Associate Justice of the Maine Supreme Judicial Court
- In office September 1, 2009 – January 31, 2024
- Appointed by: John Baldacci
- Preceded by: Robert W. Clifford
- Succeeded by: Julia M. Lipez

Personal details
- Born: July 9, 1946 (age 79) Waterville, Maine, U.S.
- Education: Colby College (BA) University of Maine (JD)

= Joseph Jabar =

American judge (born 1946)

Joseph Michael Jabar (born July 9, 1946) is an American lawyer who served as an associate justice of the Maine Supreme Judicial Court from 2009 to 2024. He was appointed to the bench in 2009, after serving as a judge on the Superior Court. He was not reappointed to serve on the court and resigned on January 31, 2024.

== Early years and athletic career ==
A native of Waterville, Maine, Jabar attended Waterville High School, where he was captain of the football team and co-captain of the basketball and baseball teams, earning all-state honors in football. He went on to attend Colby College, graduating in 1968.

Jabar played college baseball at Colby under legendary coach John Winkin. A right-handed pitcher, Jabar served as team co-captain, and eventually had his jersey retired by the team. While at Colby, Jabar played collegiate summer baseball in the Cape Cod Baseball League (CCBL), pitching for the league's Yarmouth team in 1965, and for Chatham in 1966 and 1967. Over three seasons in the CCBL, Jabar posted a 21–4 record, and won the league's Outstanding Pitcher Award in 1966 and 1967. In 1967, his catcher at Chatham was future New York Yankees all-star Thurman Munson. Munson was the CCBL's MVP and batting champion, and the battery of Jabar and Munson led Chatham to its first league championship. Jabar was inducted into the CCBL Hall of Fame in 2003, and served as honorary captain at the CCBL All-Star Game at Fenway Park in 2011.
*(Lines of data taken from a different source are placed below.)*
(* Let $q\ge5$. The imaginary chords of the twisted cubic $\mathcal{C}$ form one orbit under $G_q$, and the subgroup of $G_q$ fixing an imaginary chord has size $2(q+1)$. For $q$ odd, let $\rho$ be a non-square in $\mathbb{F}_q$; the line $\ell_1$ through $P(1,0,\rho,0)$ and $P(0,1,0,\rho)$ is an imaginary chord, and every element of the subgroup of $G_q$ fixing $\ell_1$ has a matrix of the form $\begin{pmatrix}\alpha d^3&\alpha\rho bd^2&\alpha\rho^2b^2d&\alpha\rho^3b^3\\ 3bd^2&d^3+2\rho b^2d&\rho^2b^3+2\rho bd^2&3\rho^2b^2d\\ 3\alpha b^2d&\alpha\rho b^3+2\alpha bd^2&\alpha d^3+2\alpha\rho b^2d&3\alpha\rho bd^2\\ b^3&b^2d&bd^2&d^3\end{pmatrix}$, with $\alpha\in\{-1,1\}$ and $b,d\in\mathbb{F}_q$ not both $0$. For $q$ even, let $\eta\in\mathbb{F}_q$ have absolute trace $1$; the line $\ell_2$ through $P(\eta+1,1,1,0)$ and $P(\eta,\eta,0,1)$ is an imaginary chord, and every element of the subgroup of $G_q$ fixing $\ell_2$ has a matrix of the form $\begin{pmatrix}A^3&cA^2&c^2A&c^3\\ A^2B&dA^2&c^2B&c^2d\\ AB^2&cB^2&Ad^2&cd^2\\ B^3&dB^2&d^2B&d^3\end{pmatrix}$, where $A=\alpha c+d$, $B=\eta c+(\alpha+1)d$, $\alpha\in\{0,1\}$, and $c,d\in\mathbb{F}_q$ not both $0$.
   Context: $\mathrm{PG}(3,q)$ has points $P(x_0,x_1,x_2,x_3)$. For $t\in\mathbb{F}_{q^2}$ let $P_t=P(t^3,t^2,t,1)$, and $P_\infty=P(1,0,0,0)$; the twisted cubic is $\mathcal{C}=\{P_t:t\in\mathbb{F}_q\cup\{\infty\}\}$. An imaginary chord is a line of $\mathrm{PG}(3,q)$ which, extended to $\mathrm{PG}(3,q^2)$, passes through $P_t$ and $P_{t^q}$ for some $t\in\mathbb{F}_{q^2}\setminus\mathbb{F}_q$. $G_q$ is the group of projectivities of $\mathrm{PG}(3,q)$ mapping $\mathcal{C}$ to itself; for $q\ge5$ its elements are the maps $x\mapsto xM$ on row coordinate vectors, with $M=\begin{pmatrix} a^3&a^2c&ac^2&c^3\\ 3a^2b&a^2d+2abc&bc^2+2acd&3c^2d\\ 3ab^2&b^2c+2abd&ad^2+2bcd&3cd^2\\ b^3&b^2d&bd^2&d^3\end{pmatrix}$, $a,b,c,d\in\mathbb{F}_q$, $ad-bc\neq0$, up to a nonzero scalar. For $q=2^h$, the absolute trace of $\eta$ is $\eta+\eta^2+\eta^{4}+\dots+\eta^{2^{h-1}}$. *)

theory Defs
  imports "HOL-Analysis.Finite_Cartesian_Product"
begin

text \<open>Coordinates of PG(3,q): vectors in 'a^4 (indices 0,1,2,3 of the numeral type 4).
  Row vector x times matrix M is  x v* M.\<close>

definition idx4 :: "4 \<Rightarrow> nat" where
  "idx4 i = (if i = 0 then 0 else if i = 1 then 1 else if i = 2 then 2 else 3)"

definition vec4 :: "'a \<Rightarrow> 'a \<Rightarrow> 'a \<Rightarrow> 'a \<Rightarrow> 'a ^ 4" where
  "vec4 x0 x1 x2 x3 = (\<chi> i. [x0, x1, x2, x3] ! idx4 i)"

definition mat4 :: "'a list list \<Rightarrow> 'a ^ 4 ^ 4" where
  "mat4 rs = (\<chi> i j. rs ! idx4 i ! idx4 j)"

definition smat :: "'a::times \<Rightarrow> 'a ^ 4 ^ 4 \<Rightarrow> 'a ^ 4 ^ 4" where
  "smat c M = (\<chi> i j. c * M $ i $ j)"

definition span2 :: "'a::field ^ 4 \<Rightarrow> 'a ^ 4 \<Rightarrow> ('a ^ 4) set" where
  "span2 u v = {a *s u + b *s v | a b. True}"

definition lin_indep2 :: "'a::field ^ 4 \<Rightarrow> 'a ^ 4 \<Rightarrow> bool" where
  "lin_indep2 u v \<longleftrightarrow> (\<forall>a b. a *s u + b *s v = 0 \<longrightarrow> a = 0 \<and> b = 0)"

definition is_line :: "('a::field ^ 4) set \<Rightarrow> bool" where
  "is_line L \<longleftrightarrow> (\<exists>u v. lin_indep2 u v \<and> L = span2 u v)"

text \<open>Extension of a line of PG(3,q) to PG(3,q^2), the field F_{q^2} being a field 'b
  of size q^2 into which F_q = 'a is embedded by emb.\<close>
definition ext_line :: "('a \<Rightarrow> 'b::field) \<Rightarrow> ('a ^ 4) set \<Rightarrow> ('b ^ 4) set" where
  "ext_line emb L = {a *s (\<chi> i. emb (u $ i)) + b *s (\<chi> i. emb (v $ i)) | a b u v. u \<in> L \<and> v \<in> L}"

definition Pt :: "'b::field \<Rightarrow> 'b ^ 4" where
  "Pt t = vec4 (t ^ 3) (t ^ 2) t 1"

definition imaginary_chord :: "('a::{finite,field} \<Rightarrow> 'b::field) \<Rightarrow> ('a ^ 4) set \<Rightarrow> bool" where
  "imaginary_chord emb L \<longleftrightarrow> is_line L \<and>
     (\<exists>t. t \<notin> range emb \<and> Pt t \<in> ext_line emb L \<and> Pt (t ^ CARD('a)) \<in> ext_line emb L)"

definition Mabcd :: "'a::field \<Rightarrow> 'a \<Rightarrow> 'a \<Rightarrow> 'a \<Rightarrow> 'a ^ 4 ^ 4" where
  "Mabcd a b c d = mat4
    [[a^3, a^2*c, a*c^2, c^3],
     [3*a^2*b, a^2*d + 2*a*b*c, b*c^2 + 2*a*c*d, 3*c^2*d],
     [3*a*b^2, b^2*c + 2*a*b*d, a*d^2 + 2*b*c*d, 3*c*d^2],
     [b^3, b^2*d, b*d^2, d^3]]"

text \<open>A projectivity is represented by the class of its matrices modulo nonzero scalars.\<close>
definition proj_class :: "'a::field ^ 4 ^ 4 \<Rightarrow> ('a ^ 4 ^ 4) set" where
  "proj_class M = {smat c M | c. c \<noteq> 0}"

definition Gq :: "('a::{finite,field} ^ 4 ^ 4) set set" where
  "Gq = {proj_class (Mabcd a b c d) | a b c d. a * d - b * c \<noteq> 0}"

definition act_line :: "'a::field ^ 4 ^ 4 \<Rightarrow> ('a ^ 4) set \<Rightarrow> ('a ^ 4) set" where
  "act_line M L = (\<lambda>x. x v* M) ` L"

definition stabiliser :: "('a::{finite,field} ^ 4) set \<Rightarrow> ('a ^ 4 ^ 4) set set" where
  "stabiliser L = {g \<in> Gq. \<forall>M\<in>g. act_line M L = L}"

definition orbit :: "('a::{finite,field} ^ 4) set \<Rightarrow> ('a ^ 4) set set" where
  "orbit L = {act_line M L | M g. g \<in> Gq \<and> M \<in> g}"

definition abs_trace :: "nat \<Rightarrow> 'a::field \<Rightarrow> 'a" where
  "abs_trace h \<eta> = (\<Sum>i<h. \<eta> ^ (2 ^ i))"

definition M_odd :: "'a::field \<Rightarrow> 'a \<Rightarrow> 'a \<Rightarrow> 'a \<Rightarrow> 'a ^ 4 ^ 4" where
  "M_odd \<rho> \<alpha> b d = mat4
    [[\<alpha>*d^3, \<alpha>*\<rho>*b*d^2, \<alpha>*\<rho>^2*b^2*d, \<alpha>*\<rho>^3*b^3],
     [3*b*d^2, d^3 + 2*\<rho>*b^2*d, \<rho>^2*b^3 + 2*\<rho>*b*d^2, 3*\<rho>^2*b^2*d],
     [3*\<alpha>*b^2*d, \<alpha>*\<rho>*b^3 + 2*\<alpha>*b*d^2, \<alpha>*d^3 + 2*\<alpha>*\<rho>*b^2*d, 3*\<alpha>*\<rho>*b*d^2],
     [b^3, b^2*d, b*d^2, d^3]]"

definition M_even :: "'a::field \<Rightarrow> 'a \<Rightarrow> 'a \<Rightarrow> 'a \<Rightarrow> 'a ^ 4 ^ 4" where
  "M_even \<eta> \<alpha> c d = (let A = \<alpha>*c + d; B = \<eta>*c + (\<alpha>+1)*d in mat4
    [[A^3, c*A^2, c^2*A, c^3],
     [A^2*B, d*A^2, c^2*B, c^2*d],
     [A*B^2, c*B^2, A*d^2, c*d^2],
     [B^3, d*B^2, d^2*B, d^3]])"

end

theory Submission
  imports Defs "HOL-Computational_Algebra.Polynomial" "HOL-Analysis.Cartesian_Space"
begin

text \<open>
  An element \<open>t\<close> of \<open>F\<^sub>q\<^sub>2\<close> outside \<open>F\<^sub>q\<close> is a root of an irreducible \<open>X\<^sup>2 - u X - v\<close> over \<open>F\<^sub>q\<close>;
  its conjugate \<open>t\<^sup>q = u - t\<close> is the other root, and the line through \<open>P\<^sub>t\<close> and \<open>P\<^sub>t\<^sup>q\<close> is spanned
  by the rational vectors \<open>(u\<^sup>2 + v, u, 1, 0)\<close> and \<open>(u v, v, 0, 1)\<close>. Conversely every imaginary
  chord is of this form, because the coordinates of its points with respect to a rational basis are
  fixed by the Frobenius map.

  \<open>M(a,b,c,d)\<close> maps \<open>P\<^sub>z\<close> to a multiple of \<open>P\<^bsub>(a z + b)/(c z + d)\<^esub>\<close>, so \<open>G\<^sub>q\<close> acts on the
  imaginary chords as \<open>PGL(2,q)\<close> acts by Moebius maps on the conjugate pairs \<open>{t, t\<^sup>q}\<close>. The
  maps \<open>z \<mapsto> b z + a\<close> are already transitive, and the stabiliser of \<open>{t, t\<^sup>q}\<close> consists of the
  \<open>q + 1\<close> maps fixing \<open>t\<close> and the \<open>q + 1\<close> maps exchanging \<open>t\<close> and \<open>t\<^sup>q\<close>.

  The special lines are the chords through the roots of \<open>X\<^sup>2 = 1/\<rho>\<close> and \<open>X\<^sup>2 = X + \<eta>\<close>, which
  are irreducible since \<open>\<rho>\<close> is a non-square, respectively since every \<open>y\<^sup>2 + y\<close> has absolute
  trace \<open>0\<close>. Irreducible quadratics over \<open>F\<^sub>q\<close> have roots in \<open>F\<^sub>q\<^sub>2\<close> by counting: there are
  \<open>(q\<^sup>2 - q) / 2\<close> of them, as many as pairs of conjugates.
\<close>

section \<open>Finite fields\<close>

lemma finite_field_power_card:
  fixes x :: "'a::{finite,field}"
  shows "x ^ CARD('a) = x"
proof (cases "x = 0")
  case False
  let ?U = "UNIV - {0::'a}"
  have "x ^ card ?U * \<Prod>?U = (\<Prod>y\<in>?U. x * y)"
    by (simp add: prod.distrib)
  also have "\<dots> = \<Prod>?U"
    by (rule prod.reindex_bij_witness[of _ "\<lambda>y. y / x" "\<lambda>y. x * y"]) (use False in auto)
  finally have "x ^ card ?U = 1"
    by simp
  moreover have "Suc (card ?U) = CARD('a)"
    by (rule card_Suc_Diff1) auto
  ultimately show ?thesis
    by (metis power_Suc mult_1_right)
qed (simp add: finite_UNIV_card_ge_0)
definition meet_at ::
  "'v set \<Rightarrow> 'v set set \<Rightarrow> ('v set \<Rightarrow> real) \<Rightarrow> ('o \<Rightarrow> 'v set) \<Rightarrow> ('o \<Rightarrow> real) \<Rightarrow> 'o set \<Rightarrow>
   ('f \<Rightarrow> 'v set) \<Rightarrow> 'o \<Rightarrow> 'o \<Rightarrow> 'f \<Rightarrow> bool" where
  "meet_at V E w loc rad F tri p p' f \<longleftrightarrow>
     (\<exists>a\<in>tri f. a \<in> voronoi V E w loc rad F p) \<and> (\<exists>b\<in>tri f. b \<in> voronoi V E w loc rad F p')"

definition type1_singular ::
  "'v set \<Rightarrow> 'v set set \<Rightarrow> ('v set \<Rightarrow> real) \<Rightarrow> ('o \<Rightarrow> 'v set) \<Rightarrow> ('o \<Rightarrow> real) \<Rightarrow> 'o set \<Rightarrow>
   ('f \<Rightarrow> 'v set) \<Rightarrow> 'f \<Rightarrow> bool" where
  "type1_singular V E w loc rad F tri f \<longleftrightarrow>
     (\<exists>q1\<in>F. \<exists>q2\<in>F. \<exists>q3\<in>F. q1 \<noteq> q2 \<and> q1 \<noteq> q3 \<and> q2 \<noteq> q3 \<and>
        meet_at V E w loc rad F tri q1 q2 f \<and> meet_at V E w loc rad F tri q1 q3 f \<and>
        meet_at V E w loc rad F tri q2 q3 f)"

end

theory Submission
  imports Defs
begin

text \<open>The Voronoi regions of a normal family partition the vertices, and each region induces a
  connected subgraph: a shortest path from a vertex to a nearest vertex of its object never leaves
  the region, and the location itself is connected and contained in the region.  Colour every
  vertex by its region.  For a connected proper part S of a sphere triangulation, peeling off
  triangles along edges that lie on no other triangle of S gives |S| + F(S) \<le> E(S) + 1.
  Summed over the k colour classes and compared with Euler's formula, this shows that the
  bichromatic edges outnumber the non-monochromatic faces by at most k - 2.  Each such face has
  at least two bichromatic sides, a trichromatic one three, and each edge lies on two faces, so
  there are at most 2(k - 2) trichromatic faces; a type-1 singular face of three objects is
  trichromatic.\<close>

section \<open>Walks and shortest paths\<close>

fun walk :: "'v set \<Rightarrow> 'v set set \<Rightarrow> 'v list \<Rightarrow> bool" where
  "walk V E [] = False"
| "walk V E [a] = (a \<in> V)"
| "walk V E (a # b # xs) = (a \<in> V \<and> {a, b} \<in> E \<and> walk V E (b # xs))"

fun walk_weight :: "('v set \<Rightarrow> real) \<Rightarrow> 'v list \<Rightarrow> real" where
  "walk_weight w (a # b # xs) = w {a, b} + walk_weight w (b # xs)"
| "walk_weight w _ = 0"

lemma gpath_iff_walk: "gpath V E xs \<longleftrightarrow> walk V E xs \<and> distinct xs"
proof (induction xs rule: walk.induct)
  case (3 V E a b xs)
  have "gpath V E (a # b # xs) \<longleftrightarrow> a \<in> V \<and> {a, b} \<in> E \<and> a \<notin> set (b # xs) \<and> gpath V E (b # xs)"
    unfolding gpath_def by (auto simp: less_Suc_eq_0_disj)
  with 3 show ?case by auto
qed (simp_all add: gpath_def)

lemma pweight_eq_walk_weight: "pweight w xs = walk_weight w xs"
proof (induction w xs rule: walk_weight.induct)
  case (1 w a b xs)
  have "pweight w (a # b # xs) = w {a, b} + pweight w (b # xs)"
    unfolding pweight_def length_Cons diff_Suc_1 by (subst sum.lessThan_Suc_shift) simp
  with 1 show ?case by simp
qed (simp_all add: pweight_def)

lemma walk_Cons: "xs \<noteq> [] \<Longrightarrow> walk V E (a # xs) \<longleftrightarrow> a \<in> V \<and> {a, hd xs} \<in> E \<and> walk V E xs"
  by (cases xs) auto

lemma walk_weight_Cons: "xs \<noteq> [] \<Longrightarrow> walk_weight w (a # xs) = w {a, hd xs} + walk_weight w xs"
  by (cases xs) auto

lemma walk_not_Nil: "walk V E xs \<Longrightarrow> xs \<noteq> []"
  by (cases xs) auto

lemma walk_set: "walk V E xs \<Longrightarrow> set xs \<subseteq> V"
  by (induction xs rule: walk.induct) auto

lemma walk_append:
  "xs \<noteq> [] \<Longrightarrow> ys \<noteq> [] \<Longrightarrow>
     walk V E (xs @ ys) \<longleftrightarrow> walk V E xs \<and> walk V E ys \<and> {last xs, hd ys} \<in> E"
  by (induction xs) (auto simp: walk_Cons)

lemma walk_weight_append:
  "xs \<noteq> [] \<Longrightarrow> ys \<noteq> [] \<Longrightarrow>
     walk_weight w (xs @ ys) = walk_weight w xs + w {last xs, hd ys} + walk_weight w ys"
  by (induction xs) (auto simp: walk_weight_Cons)
lemma gens_It_exchange:
  assumes graph: "simple_graph_on n adj" and lab: "proper_interval_labeling n adj"
    and u: "u \<in> gens_It n adj t" and v: "v \<in> gens_It n adj t"
    and below: "\<forall>r<q. count u r = count v r" and at: "count u q < count v q"
  shows "\<exists>j. q < j \<and> j \<le> n \<and> j \<in># u \<and> in_It n adj t (u - {#j#} + {#q#})"
proof -
  obtain U where U: "u = mset_set U" "independent_set n adj U" "card U = t" "finite U"
    using u by (rule gens_ItE)
  obtain V where V: "v = mset_set V" "independent_set n adj V" "card V = t" "finite V"
    using v by (rule gens_ItE)
  have "q \<in> V" "q \<notin> U" "\<forall>x<q. x \<in> U \<longleftrightarrow> x \<in> V"
    using at below U V by (auto simp: count_mset_set' split: if_splits)
  with U V obtain j where j: "j \<in> U" "q < j" "independent_set n adj (insert q (U - {j}))"
    by (metis graph lab independent_set_exchange)
  have "u - {#j#} + {#q#} = mset_set (insert q (U - {j}))"
    using U(1,4) j(1) \<open>q \<notin> U\<close> by (simp add: mset_set_Diff)
  moreover have "card (insert q (U - {j})) = t"
    using card.remove[OF U(4) j(1)] U(3,4) \<open>q \<notin> U\<close> by simp
  ultimately have "in_It n adj t (u - {#j#} + {#q#})"
    unfolding in_It_def gens_It_def using j(3) by auto
  moreover have "j \<le> n" "j \<in># u"
    using U j(1) unfolding independent_set_def by auto
  ultimately show ?thesis using j(2) by blast
qed
lemma subalgebra_gen_sigma:
  assumes "\<And>X. X \<in> Xs \<Longrightarrow> X \<in> borel_measurable M"
  shows "subalgebra M (gen_sigma M Xs)"
  unfolding subalgebra_def space_gen_sigma sets_gen_sigma
  using assms by (auto intro!: sets.sigma_sets_subset intro: measurable_sets)

lemma sets_gen_sigma_mono: "Xs \<subseteq> Ys \<Longrightarrow> sets (gen_sigma M Xs) \<subseteq> sets (gen_sigma M Ys)"
  unfolding sets_gen_sigma by (intro sigma_sets_subseteq) blast

lemma measurable_gen_sigma: "X \<in> Xs \<Longrightarrow> X \<in> borel_measurable (gen_sigma M Xs)"
  by (intro measurableI) (auto simp: sets_gen_sigma space_gen_sigma intro: sigma_sets.Basic)

lemma measurable_hist_Q: "\<tau> \<le> t \<Longrightarrow> k \<in> {1..K} \<Longrightarrow> Q \<tau> k \<in> borel_measurable (hist M K Q p t)"
  unfolding hist_def by (rule measurable_gen_sigma) blast

lemma measurable_hist_p: "\<tau> < t \<Longrightarrow> p \<tau> \<in> borel_measurable (hist M K Q p t)"
  unfolding hist_def by (rule measurable_gen_sigma) blast

lemma measurable_hist_lyap:
  "\<tau> \<le> t \<Longrightarrow> (\<lambda>x. lyap K w (\<lambda>k. Q \<tau> k x)) \<in> borel_measurable (hist M K Q p t)"
  unfolding lyap_def
  by (intro borel_measurable_times borel_measurable_sum borel_measurable_power) (auto intro: measurable_hist_Q)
After graduating from Colby, Jabar signed as a free agent with the Seattle Pilots, and played in 1969 with Seattle's Single A affiliate Newark Co-Pilots of the New York–Penn League. He posted a 10–4 record with a 3.99 ERA in 106 innings at Newark under manager Earl Torgeson. After just one professional season, Jabar returned to his studies, graduating in 1971 from the University of Maine School of Law. While in law school, Jabar coached basketball at Andover Institute, and also coached the freshman team at the University of Southern Maine. In 2017, he was inducted into the Maine Sports Legends Hall of Fame.

== Legal career ==

Following graduation, Jabar served as a federal prosecutor for the Justice Department in Washington, D.C. He returned to Maine and served four years as District Attorney for Kennebec County and Somerset County. For twenty-five years he was a member of the law firm of Jabar, Batten, Ringer and Murphy of Waterville.

== Judicial career ==

He was appointed to the Superior Court in 2001 by Governor Angus King and he was re-appointed by Governor John Baldacci in 2008. He was appointed to the Maine Supreme Judicial Court by Governor John Baldacci on September 1, 2009, and was reappointed in 2016. He left office on January 31, 2024.